● **Your assignment**
Output only the lines below that start at the line containing "is \<open>\<mu>_a\<close>-null. With" and end at the line containing "which dominates \<open>\<mu>_r\<close>", with both ends kept.
◆ ◆ ◆
text \<open>Everything is transported along couplings. If for every \<open>n\<close> the law
  \<open>Bernoulli(b n)\<close> is the image of \<open>Bernoulli(a n) \<times> Bernoulli(t n)\<close> under some
  \<open>\<phi> n\<close>, then \<open>\<mu>_b\<close> is the image of \<open>\<mu>_a \<otimes> \<mu>_t\<close> under the coordinatewise map, and by
  Fubini a set whose points are sent into a \<open>\<mu>_b\<close>-null set, whatever the second argument,
  is \<open>\<mu>_a\<close>-null. With \<open>\<phi> = (\<or>)\<close> this shows that for \<open>p \<le> q\<close> every \<open>\<mu>_q\<close>-null upward
  closed set is \<open>\<mu>_p\<close>-null; with coordinate selectors, that a set determined by
  coordinates on which \<open>p = q\<close> is \<open>\<mu>_p\<close>-null iff it is \<open>\<mu>_q\<close>-null. A nonprincipal filter
  ignores finitely many coordinates, which gives (1).

  For (2), a measurable nonprincipal filter is a tail set, hence null or conull by
  Kolmogorov's zero-one law. It is not conull for \<open>r \<le> 1/2\<close>: negation carries \<open>\<mu>_r\<close> to
  \<open>\<mu>_(1-r)\<close>, which dominates \<open>\<mu>_r\<close> on the upward closed set \<open>{x. \<not>x \<notin> F} \<supseteq> F\<close>. Finally
  \<open>F = F\<^sub>1 \<inter> F\<^sub>2\<close>, where \<open>F\<^sub>1\<close> is determined by the coordinates with \<open>min p q = p\<close> and
  \<open>F\<^sub>2\<close> by the others, and independence of the two blocks forces one of them to be null.\<close>

section \<open>Null sets under measure preserving maps on products\<close>

lemma null_sets_completion_pair_split:
  assumes M: "sigma_finite_measure M" and N: "sigma_finite_measure N"
    and f: "f \<in> measurable (M \<Otimes>\<^sub>M N) K" and distr: "distr (M \<Otimes>\<^sub>M N) K f = K"
    and S: "S \<in> null_sets (completion K)"
    and S1: "S1 \<subseteq> space M" and S2: "S2 \<subseteq> space N"
    and into: "\<And>x z. x \<in> S1 \<Longrightarrow> z \<in> S2 \<Longrightarrow> f (x, z) \<in> S"
  shows "S1 \<in> null_sets (completion M) \<or> S2 \<in> null_sets (completion N)"
proof -
  interpret pair_sigma_finite M N using M N by (rule pair_sigma_finite.intro)
  obtain S0 where S0: "S0 \<in> null_sets K" "S \<subseteq> S0"
    using S by (auto simp: null_sets_completion_iff2)
  have "AE y in distr (M \<Otimes>\<^sub>M N) K f. y \<notin> S0"
    using S0(1) by (simp add: distr AE_not_in)
  then have "AE w in M \<Otimes>\<^sub>M N. f w \<notin> S0"
    by (rule AE_distrD[OF f])
  then have "AE x in M. AE z in N. f (x, z) \<notin> S0"
    by (rule AE_pair)
  then obtain N1 where N1: "\<And>x. x \<in> space M - N1 \<Longrightarrow> AE z in N. f (x, z) \<notin> S0" "N1 \<in> null_sets M"
    by (elim AE_E3) blast
  show ?thesis
  proof (cases "S1 \<subseteq> N1")
    case True
    then show ?thesis using N1(2) by (auto simp: null_sets_completion_iff2)
  next
    case False
    then obtain x where x: "x \<in> S1" "x \<notin> N1" by auto
    have "AE z in N. f (x, z) \<notin> S0"
      using N1(1) x S1 by auto
    then have "AE z in N. z \<notin> S2"
      using into[OF x(1)] S0(2) by (auto elim: AE_mp)
    then obtain N2 where "\<And>z. z \<in> space N - N2 \<Longrightarrow> z \<notin> S2" "N2 \<in> null_sets N"
      by (elim AE_E3) blast
    then have "S2 \<subseteq> N2" using S2 by blast
    with \<open>N2 \<in> null_sets N\<close> show ?thesis by (auto simp: null_sets_completion_iff2)
  qed
qed

corollary null_sets_completion_pullback:
  assumes M: "sigma_finite_measure M" and N: "prob_space N"
    and f: "f \<in> measurable (M \<Otimes>\<^sub>M N) K" and distr: "distr (M \<Otimes>\<^sub>M N) K f = K"
    and S: "S \<in> null_sets (completion K)" and S1: "S1 \<subseteq> space M"
    and into: "\<And>x z. x \<in> S1 \<Longrightarrow> z \<in> space N \<Longrightarrow> f (x, z) \<in> S"
  shows "S1 \<in> null_sets (completion M)"
proof -
  have "space N \<notin> null_sets (completion N)"
    using prob_space.emeasure_space_1[OF N] by (auto simp: null_sets_def)
  with null_sets_completion_pair_split[OF M prob_space_imp_sigma_finite[OF N] f distr S S1 order_refl]
  show ?thesis using into by blast
qed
◆ ◆ ◆
● **Response area**
  is \<open>\<mu>_a\<close>-null. With \<open>\<phi> = (\<or>)\<close> this shows that for \<open>p \<le> q\<close> every \<open>\<mu>_q\<close>-null upward
  closed set is \<open>\<mu>_p\<close>-null; with coordinate selectors, that a set determined by
  coordinates on which \<open>p = q\<close> is \<open>\<mu>_p\<close>-null iff it is \<open>\<mu>_q\<close>-null. A nonprincipal filter
  ignores finitely many coordinates, which gives (1).

  For (2), a measurable nonprincipal filter is a tail set, hence null or conull by
  Kolmogorov's zero-one law. It is not conull for \<open>r \<le> 1/2\<close>: negation carries \<open>\<mu>_r\<close> to
  \<open>\<mu>_(1-r)\<close>, which dominates \<open>\<mu>_r\<close> on the upward closed set \<open>{x. \<not>x \<notin> F} \<supseteq> F\<close>. Finally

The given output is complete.